A friend of mine committed suicide when he was 20. He was in a happy relationship with another good friend of mine. Being coupled up didn’t help him one bit.
Which leads me to my final set of thoughts....
Sex is not medicine
Another trope we see in both media (especially romance comedies) and in real life is the idea that sex can solve problems. You’ve heard it before:
“I’ll be fine eventually, I just need to get laid.”
“She could really use a good, deep dicking.”
“He just needs to sow his wild oats for a while, then he’ll settle down again.”
Promoting the idea that sex can solve problems puts a fucking lot of pressure on the act of sex, as well as the partner(s) that said sex is engaged with. And if the sex doesn’t resolve those problems (and it usually doesn’t), it can turn the individual off of the act altogether and/or their partner as well.
The pressure on the other person to resolve one’s problems through sex can be coercive, leading to abusive behaviors and/or rape.
If an individual has problems that need to be resolved, and they aren’t actively addressing those problems through means specifically designed to resolve those problems (attending counseling, filing for bankruptcy, engaging in physical therapy, etc.), then engaging in sex is at best a distraction and at worst a disruption. There’s nothing wrong with distraction, of course, except for when it interferes with life, livelihood, and responsibilities.

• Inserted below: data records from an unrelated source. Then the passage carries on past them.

(* Let $r>2$, $\alpha=2^r-1$, $\beta=2^{r-1}(2^r-1)$, let $\mathcal{C}\subseteq\mathbb{Z}_2^\alpha\times\mathbb{Z}_4^\beta$ be a $\mathbb{Z}_2\mathbb{Z}_4$-additive 1-perfect code and $D=\mathcal{C}^\perp$, and suppose $D$ is $\mathbb{Z}_2\mathbb{Z}_4$-cyclic. Let $\mathbf{z}=(x_1,\dots,x_\alpha\mid y^{(1)},\dots,y^{(2^{r-1})})\in D$ be a codeword of order 4, where each $y^{(k)}\in\mathbb{Z}_4^\alpha$ is the $k$th consecutive block of $\alpha$ quaternary coordinates, and put $\eta_k(y)=|\{\ell:1\le\ell\le\alpha,\ y^{(k)}_\ell=2\}|$. Then $\eta_1(y),\dots,\eta_{2^{r-1}}(y)$ all have the same parity.
   Context: A $\mathbb{Z}_2\mathbb{Z}_4$-additive code is an additive subgroup of $\mathbb{Z}_2^\alpha\times\mathbb{Z}_4^\beta$; vectors are $(u\mid u')$ with $u\in\mathbb{Z}_2^\alpha$, $u'\in\mathbb{Z}_4^\beta$. A codeword $\mathbf{z}$ has order 4 if $2\mathbf{z}\ne 0$. The Gray map $\phi:\mathbb{Z}_4\to\mathbb{Z}_2^2$ is $0\mapsto(0,0),1\mapsto(0,1),2\mapsto(1,1),3\mapsto(1,0)$, $\Phi(u\mid u')=(u\mid\phi(u'_1),\dots,\phi(u'_\beta))$. A binary code $C\subseteq\mathbb{Z}_2^n$ is 1-perfect if the Hamming balls of radius 1 around its codewords partition $\mathbb{Z}_2^n$; a $\mathbb{Z}_2\mathbb{Z}_4$-additive code is 1-perfect if its Gray image is. The dual is $\mathcal{C}^\perp=\{\mathbf{v}:\mathbf{u}\cdot\mathbf{v}=0\ \forall\mathbf{u}\in\mathcal{C}\}$ with $\mathbf{u}\cdot\mathbf{v}=2\sum_{i=1}^\alpha u_iv_i+\sum_{j=1}^\beta u'_jv'_j\in\mathbb{Z}_4$. With $\sigma(v_1,\dots,v_m)=(v_m,v_1,\dots,v_{m-1})$ and $\sigma(u\mid u')=(\sigma(u)\mid\sigma(u'))$, a code is $\mathbb{Z}_2\mathbb{Z}_4$-cyclic if closed under $\sigma$. *)

theory Defs
  imports Main
begin

text \<open>Z2Z4 vectors (u | u') are pairs of integer lists; entries of u lie in {0,1}
  (representing Z2), entries of u' lie in {0,1,2,3} (representing Z4).\<close>

type_synonym z2z4vec = "int list \<times> int list"

definition z2z4_space :: "nat \<Rightarrow> nat \<Rightarrow> z2z4vec set" where
  "z2z4_space \<alpha> \<beta> = {(u, u'). length u = \<alpha> \<and> length u' = \<beta> \<and>
      set u \<subseteq> {0, 1} \<and> set u' \<subseteq> {0, 1, 2, 3}}"

definition z2z4_zero :: "nat \<Rightarrow> nat \<Rightarrow> z2z4vec" where
  "z2z4_zero \<alpha> \<beta> = (replicate \<alpha> 0, replicate \<beta> 0)"

definition z2z4_add :: "z2z4vec \<Rightarrow> z2z4vec \<Rightarrow> z2z4vec" where
  "z2z4_add x y = (map2 (\<lambda>a b. (a + b) mod 2) (fst x) (fst y),
                   map2 (\<lambda>a b. (a + b) mod 4) (snd x) (snd y))"

definition z2z4_neg :: "z2z4vec \<Rightarrow> z2z4vec" where
  "z2z4_neg x = (map (\<lambda>a. (- a) mod 2) (fst x), map (\<lambda>a. (- a) mod 4) (snd x))"

definition z2z4_additive :: "nat \<Rightarrow> nat \<Rightarrow> z2z4vec set \<Rightarrow> bool" where
  "z2z4_additive \<alpha> \<beta> C \<longleftrightarrow> C \<subseteq> z2z4_space \<alpha> \<beta> \<and> z2z4_zero \<alpha> \<beta> \<in> C \<and>
     (\<forall>x\<in>C. \<forall>y\<in>C. z2z4_add x y \<in> C) \<and> (\<forall>x\<in>C. z2z4_neg x \<in> C)"

definition z2z4_inner :: "z2z4vec \<Rightarrow> z2z4vec \<Rightarrow> int" where
  "z2z4_inner x y = (2 * (\<Sum>i<length (fst x). fst x ! i * fst y ! i)
                     + (\<Sum>j<length (snd x). snd x ! j * snd y ! j)) mod 4"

The notion of “sex as medicine” also devalues asexual individuals: if an individual isn’t interested in sex, then how on earth will they solve their problems? (hint: using means specifically designed to resolve those problems) Are they forever broken, since they will likely never be able to find a sexual release with another person? (hint: no)
Speaking of another person...”sex as medicine” also devalues and shames the act of masturbation. For some reason, doing it by yourself = bad, but doing it with another person = good?
And this doesn’t even address that sex can actually create problems (STIs, hurt feelings), complications (pregnancy), or unhealthy personal practices (addiction) when engaged in without responsibility.